▸ **Available records**:
◇ ◇ ◇

(* Let $g\in H(\mathbb{D})$, let $\nu$ be a weight satisfying property (U) and let $\mu$ be a weight. Then the following are equivalent: (1) $S_g: H^{\infty}_\nu\rightarrow \mathcal{B}^{\infty}_\mu$ is bounded; (2) $\sup_{z\in\mathbb{D}}\frac{\mu(z)}{(1-|z|^2)\nu(z)}|g(z)|<\infty$. If, in addition, $\nu$ and $\mu$ are typical weights, then (1) and (2) are also equivalent to (3) $S_g: H^{0}_\nu\rightarrow \mathcal{B}^{0}_\mu$ is bounded.
   Context: $\mathbb{D}$ is the open unit disk and $H(\mathbb{D})$ the space of analytic functions on $\mathbb{D}$. A weight is a non-negative continuous function $\nu$ on $\mathbb{D}$ with $\nu(z)=\nu(|z|)$ for all $z$, which is decreasing in $|z|$. For a weight $\nu$: $H^{\infty}_\nu=\{f\in H(\mathbb{D}): \sup_{z}\nu(z)|f(z)|<\infty\}$, $H^{0}_\nu=\{f\in H(\mathbb{D}): \lim_{|z|\to1^-}\nu(z)|f(z)|=0\}$, $\mathcal{B}^{\infty}_\nu=\{f\in H(\mathbb{D}): |f(0)|+\sup_{z}\nu(z)|f'(z)|<\infty\}$, $\mathcal{B}^{0}_\nu=\{f\in H(\mathbb{D}): \lim_{|z|\to1^-}\nu(z)|f'(z)|=0\}$, each with its natural norm. A weight $\nu$ is typical if $\lim_{|z|\to1^-}\nu(z)=0$. A weight $\nu$ satisfies property (U) if there is $\alpha>0$ such that $r\mapsto \nu(r)/(1-r^2)^\alpha$ is almost increasing on $[0,1)$ (i.e. there is $C>0$ with $h(r)\le C h(s)$ whenever $r\le s$), equivalently $\inf_n \nu(1-2^{-(n+1)})/\nu(1-2^{-n})>0$. For $g\in H(\mathbb{D})$, $(S_gf)(z)=\int_0^z f'(\omega)g(\omega)\,d\omega$. *)

theory Defs
  imports "HOL-Complex_Analysis.Complex_Analysis"
begin

abbreviation disc :: "complex set" where "disc \<equiv> ball 0 1"
(* Let $X$ be a set and $d$ an ultra-semimetric on $X$. Let $E$ be the group of all finite subsets of $X$ with an even number of elements, with symmetric difference as the group operation (identify $x\in X$ with $\{x\}$, so that $x-y=x+y=\{x,y\}\triangle\emptyset$ for $x\neq y$). For $u\in E$ let $\mathrm{Conf}(u)$ be the set of finite families $\omega=\{(x_1,x_2),\dots,(x_{2n-1},x_{2n})\}$ of pairs of elements of $X$ with $\{x_1\}\triangle\{x_2\}\triangle\cdots\triangle\{x_{2n}\}=u$, and set $\varphi(\omega)=\max_{1\le i\le n}d(x_{2i-1},x_{2i})$ and $\|u\|=\inf_{\omega\in\mathrm{Conf}(u)}\varphi(\omega)$. Then: (i) for $u\neq 0$ the infimum is attained, and equals the minimum of $\varphi(\omega)$ over configurations $\omega$ in which all $2n$ entries are pairwise distinct; (ii) $\|\cdot\|$ is an ultra-seminorm on $E$, i.e. $\|0\|=0$, $\|u\|=\|-u\|\ge0$ and $\|u+v\|\le\max\{\|u\|,\|v\|\}$; (iii) $\|x-y\|=d(x,y)$ for all $x,y\in X$.
   Context: An ultra-semimetric on $X$ is a function $d:X\times X\to[0,\infty)$ with $d(x,x)=0$, $d(x,y)=d(y,x)$ and $d(x,z)\le\max\{d(x,y),d(y,z)\}$. *)

theory Defs
  imports Complex_Main
begin

definition ultra_semimetric :: "'a set \<Rightarrow> ('a \<Rightarrow> 'a \<Rightarrow> real) \<Rightarrow> bool" where
  "ultra_semimetric X d \<longleftrightarrow>
     (\<forall>x\<in>X. \<forall>y\<in>X. d x y \<ge> 0) \<and>
     (\<forall>x\<in>X. d x x = 0) \<and>
     (\<forall>x\<in>X. \<forall>y\<in>X. d x y = d y x) \<and>
     (\<forall>x\<in>X. \<forall>y\<in>X. \<forall>z\<in>X. d x z \<le> max (d x y) (d y z))"

definition symd :: "'a set \<Rightarrow> 'a set \<Rightarrow> 'a set" where
  "symd A B = (A - B) \<union> (B - A)"

definition evenE :: "'a set \<Rightarrow> 'a set set" where
  "evenE X = {u. u \<subseteq> X \<and> finite u \<and> even (card u)}"

text \<open>A configuration is a finite family of pairs, represented as a list
  [(x1,x2),...,(x_{2n-1},x_{2n})]; its entries and its sum in E.\<close>
definition conf_entries :: "('a \<times> 'a) list \<Rightarrow> 'a list" where
  "conf_entries \<omega> = concat (map (\<lambda>(a,b). [a,b]) \<omega>)"

definition conf_sum :: "('a \<times> 'a) list \<Rightarrow> 'a set" where
  "conf_sum \<omega> = foldr (\<lambda>x S. symd {x} S) (conf_entries \<omega>) {}"

definition Conf :: "'a set \<Rightarrow> 'a set \<Rightarrow> ('a \<times> 'a) list set" where
  "Conf X u = {\<omega>. set (conf_entries \<omega>) \<subseteq> X \<and> conf_sum \<omega> = u}"

text \<open>phi(omega) = max of d over the pairs (0 for the empty family).\<close>
definition phi :: "('a \<Rightarrow> 'a \<Rightarrow> real) \<Rightarrow> ('a \<times> 'a) list \<Rightarrow> real" where
  "phi d \<omega> = foldr max (map (\<lambda>(a,b). d a b) \<omega>) 0"

definition unorm :: "'a set \<Rightarrow> ('a \<Rightarrow> 'a \<Rightarrow> real) \<Rightarrow> 'a set \<Rightarrow> real" where
  "unorm X d u = Inf (phi d ` Conf X u)"

end

theory Submission
  imports Defs "HOL-Library.Multiset"
begin

(* The sum of a configuration is the set of points occurring an odd
   number of times among its entries, so it depends only on the multiset of
   entries.  Two reductions never increase phi and never change the sum:
   deleting a loop (x,x), and merging two pairs (a,x),(x,b) into (a,b), the latter
   by the ultrametric inequality.  Hence every configuration can be shortened to
   one with pairwise distinct entries; such a configuration of u uses exactly the
   points of u, so its phi lies in the finite set {0} \<union> d`(u \<times> u), and the
   infimum defining the norm is a minimum over distinct configurations.
   Configurations exist by pairing up the points of u.  The ultrametric inequality
   for the norm then comes from concatenating optimal configurations, and
   the norm of {x,y} is d x y because the only distinct configurations of {x,y}
   consist of the single pair x,y in some order. *)

lemma conf_entries_Nil [simp]: "conf_entries [] = []"
  by (simp add: conf_entries_def)

lemma conf_entries_Cons [simp]: "conf_entries (p # \<omega>) = fst p # snd p # conf_entries \<omega>"
  by (cases p) (simp add: conf_entries_def)

lemma conf_entries_append [simp]: "conf_entries (\<omega> @ \<omega>') = conf_entries \<omega> @ conf_entries \<omega>'"
  by (simp add: conf_entries_def)
(* Let $\mathbf{P}=(X,P)$ be a finite interval order, and let $\mathbf{I}$ be a distinguishing interval representation of $\mathbf{P}$ in which every interval has length $1$ except for one interval, whose length is between $0$ and $2$ inclusive. Then $\dim(\mathbf{P})\le 3$.
   Context: An interval representation of a poset $(X,P)$ assigns to each $x\in X$ a closed real interval $[l_x,r_x]$ such that $x<y$ in $P$ iff $r_x<l_y$; the length is $r_x-l_x$. A representation is distinguishing if no two intervals share an endpoint. The dimension $\dim(\mathbf{P})$ is the minimum number of linear extensions of $P$ whose intersection is $P$. *)

theory Defs
  imports Complex_Main
begin

definition strict_poset :: "'a set \<Rightarrow> ('a \<times> 'a) set \<Rightarrow> bool" where
  "strict_poset X P \<longleftrightarrow> P \<subseteq> X \<times> X \<and> (\<forall>x\<in>X. (x, x) \<notin> P) \<and>
     (\<forall>x\<in>X. \<forall>y\<in>X. \<forall>z\<in>X. (x, y) \<in> P \<longrightarrow> (y, z) \<in> P \<longrightarrow> (x, z) \<in> P)"

definition linear_extension :: "'a set \<Rightarrow> ('a \<times> 'a) set \<Rightarrow> ('a \<times> 'a) set \<Rightarrow> bool" where
  "linear_extension X P L \<longleftrightarrow> strict_poset X L \<and> P \<subseteq> L \<and>
     (\<forall>x\<in>X. \<forall>y\<in>X. x \<noteq> y \<longrightarrow> (x, y) \<in> L \<or> (y, x) \<in> L)"

definition realizer :: "'a set \<Rightarrow> ('a \<times> 'a) set \<Rightarrow> ('a \<times> 'a) set set \<Rightarrow> bool" where
  "realizer X P R \<longleftrightarrow> finite R \<and> R \<noteq> {} \<and> (\<forall>L\<in>R. linear_extension X P L) \<and> \<Inter> R = P"

definition poset_dim :: "'a set \<Rightarrow> ('a \<times> 'a) set \<Rightarrow> nat" where
  "poset_dim X P = (LEAST t. \<exists>R. realizer X P R \<and> card R = t)"

definition interval_rep :: "'a set \<Rightarrow> ('a \<times> 'a) set \<Rightarrow> ('a \<Rightarrow> real) \<Rightarrow> ('a \<Rightarrow> real) \<Rightarrow> bool" where
  "interval_rep X P l r \<longleftrightarrow> (\<forall>x\<in>X. l x \<le> r x) \<and>
     (\<forall>x\<in>X. \<forall>y\<in>X. (x, y) \<in> P \<longleftrightarrow> r x < l y)"

definition distinguishing :: "'a set \<Rightarrow> ('a \<Rightarrow> real) \<Rightarrow> ('a \<Rightarrow> real) \<Rightarrow> bool" where
  "distinguishing X l r \<longleftrightarrow> (\<forall>x\<in>X. \<forall>y\<in>X. x \<noteq> y \<longrightarrow> {l x, r x} \<inter> {l y, r y} = {})"

end

theory Submission
  imports Defs
begin

text \<open>
  Cut the line into unit blocks \<open>[r z + k, r z + k + 1)\<close> and sort every element other than
  \<open>z\<close> into the block containing its left endpoint. Two unit intervals whose left endpoints
  lie two or more blocks apart are comparable, so every incomparable pair lies in one block or
  in two adjacent ones. Three linear extensions reverse all such pairs: one lists the blocks
  upwards, each block by decreasing left endpoint, with \<open>z\<close> inserted just before block 0;
  the other two sort by an endpoint of each interval, the right one in blocks of one parity and
  the left one in the others, so that at each boundary between adjacent blocks one of them
  places the upper block first.
\<close>

definition score_order :: "'a set \<Rightarrow> ('a \<Rightarrow> real) \<Rightarrow> ('a \<times> 'a) set" where
  "score_order X g = {(x, y). x \<in> X \<and> y \<in> X \<and> g x < g y}"

lemma linear_extension_score_order:
  assumes "P \<subseteq> X \<times> X" and "inj_on g X"
    and "\<And>x y. x \<in> X \<Longrightarrow> y \<in> X \<Longrightarrow> (x, y) \<in> P \<Longrightarrow> g x < g y"
  shows "linear_extension X P (score_order X g)"
  using assms unfolding linear_extension_def strict_poset_def score_order_def inj_on_def
  by (auto dest: neq_iff[THEN iffD1])

lemma poset_dim_le_card: "realizer X P R \<Longrightarrow> poset_dim X P \<le> card R"
  unfolding poset_dim_def by (rule Least_le) blast

lemma poset_dim_le_card_scores:
  fixes G :: "('a \<Rightarrow> real) set"
  assumes "P \<subseteq> X \<times> X" and "finite G" and "G \<noteq> {}"
    and inj: "\<And>g. g \<in> G \<Longrightarrow> inj_on g X"
    and mono: "\<And>g x y. g \<in> G \<Longrightarrow> x \<in> X \<Longrightarrow> y \<in> X \<Longrightarrow> (x, y) \<in> P \<Longrightarrow> g x < g y"
    and reverse: "\<And>x y. x \<in> X \<Longrightarrow> y \<in> X \<Longrightarrow> x \<noteq> y \<Longrightarrow> (x, y) \<notin> P \<Longrightarrow> (y, x) \<notin> P \<Longrightarrow>
      \<exists>g\<in>G. g y < g x"
  shows "poset_dim X P \<le> card G"
proof -
  define R where "R = score_order X ` G"
  have "linear_extension X P (score_order X g)" if "g \<in> G" for g
    using assms(1) inj[OF that] mono[OF that] by (rule linear_extension_score_order)
  then have ext: "linear_extension X P L" if "L \<in> R" for L
    using that by (auto simp: R_def)
  have "\<Inter> R \<subseteq> P"
  proof
    fix p assume p: "p \<in> \<Inter> R"
    obtain x y where [simp]: "p = (x, y)" by fastforce
    obtain g0 where "g0 \<in> G" using \<open>G \<noteq> {}\<close> by blast
    with p have xy: "x \<in> X" "y \<in> X" and less: "\<And>g. g \<in> G \<Longrightarrow> g x < g y"
      by (auto simp: R_def score_order_def)
    show "p \<in> P"
    proof (rule ccontr)
      assume "p \<notin> P"
      then have "(x, y) \<notin> P" by simp
      moreover have "x \<noteq> y" using less[OF \<open>g0 \<in> G\<close>] by auto
      moreover have "(y, x) \<notin> P" using mono[OF \<open>g0 \<in> G\<close> xy(2,1)] less[OF \<open>g0 \<in> G\<close>] by fastforce
      ultimately obtain g where "g \<in> G" "g y < g x" using reverse[OF xy] by blast
      then show False using less[of g] by simp
    qed
  qed
  moreover have "P \<subseteq> \<Inter> R" using ext by (auto simp: linear_extension_def)
  ultimately have "realizer X P R"
    using ext \<open>finite G\<close> \<open>G \<noteq> {}\<close> by (auto simp: realizer_def R_def)
  then have "poset_dim X P \<le> card R" by (rule poset_dim_le_card)
  also have "\<dots> \<le> card G" unfolding R_def using \<open>finite G\<close> by (rule card_image_le)
  finally show ?thesis .
qed

lemma interval_rep_endpoint_score_mono:
  assumes "interval_rep X P l r" and "x \<in> X" "y \<in> X" "(x, y) \<in> P"
    and "\<And>u. g u = l u \<or> g u = r u"
  shows "g x < g y"
proof -
  have "r x < l y" "l x \<le> r x" "l y \<le> r y"
    using assms(1-4) unfolding interval_rep_def by auto
  then show ?thesis using assms(5)[of x] assms(5)[of y] by auto
qed

lemma distinguishing_endpoint_score_inj:
  assumes "distinguishing X l r" and "\<And>u. g u = l u \<or> g u = r u"
  shows "inj_on g X"
proof (rule inj_onI, rule ccontr)
  fix x y assume "x \<in> X" "y \<in> X" "g x = g y" "x \<noteq> y"
  then have "{l x, r x} \<inter> {l y, r y} = {}"
    using assms(1) by (simp add: distinguishing_def)
  then show False using assms(2)[of x] assms(2)[of y] \<open>g x = g y\<close> by auto
qed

◇ ◇ ◇

▸ **Required work**: Check every line above for the string "assms", and copy the ones that have it.

▸ **Output of the task**:
  using assms unfolding linear_extension_def strict_poset_def score_order_def inj_on_def
    using assms(1) inj[OF that] mono[OF that] by (rule linear_extension_score_order)
    using assms(1-4) unfolding interval_rep_def by auto
  then show ?thesis using assms(5)[of x] assms(5)[of y] by auto
    using assms(1) by (simp add: distinguishing_def)
  then show False using assms(2)[of x] assms(2)[of y] \<open>g x = g y\<close> by auto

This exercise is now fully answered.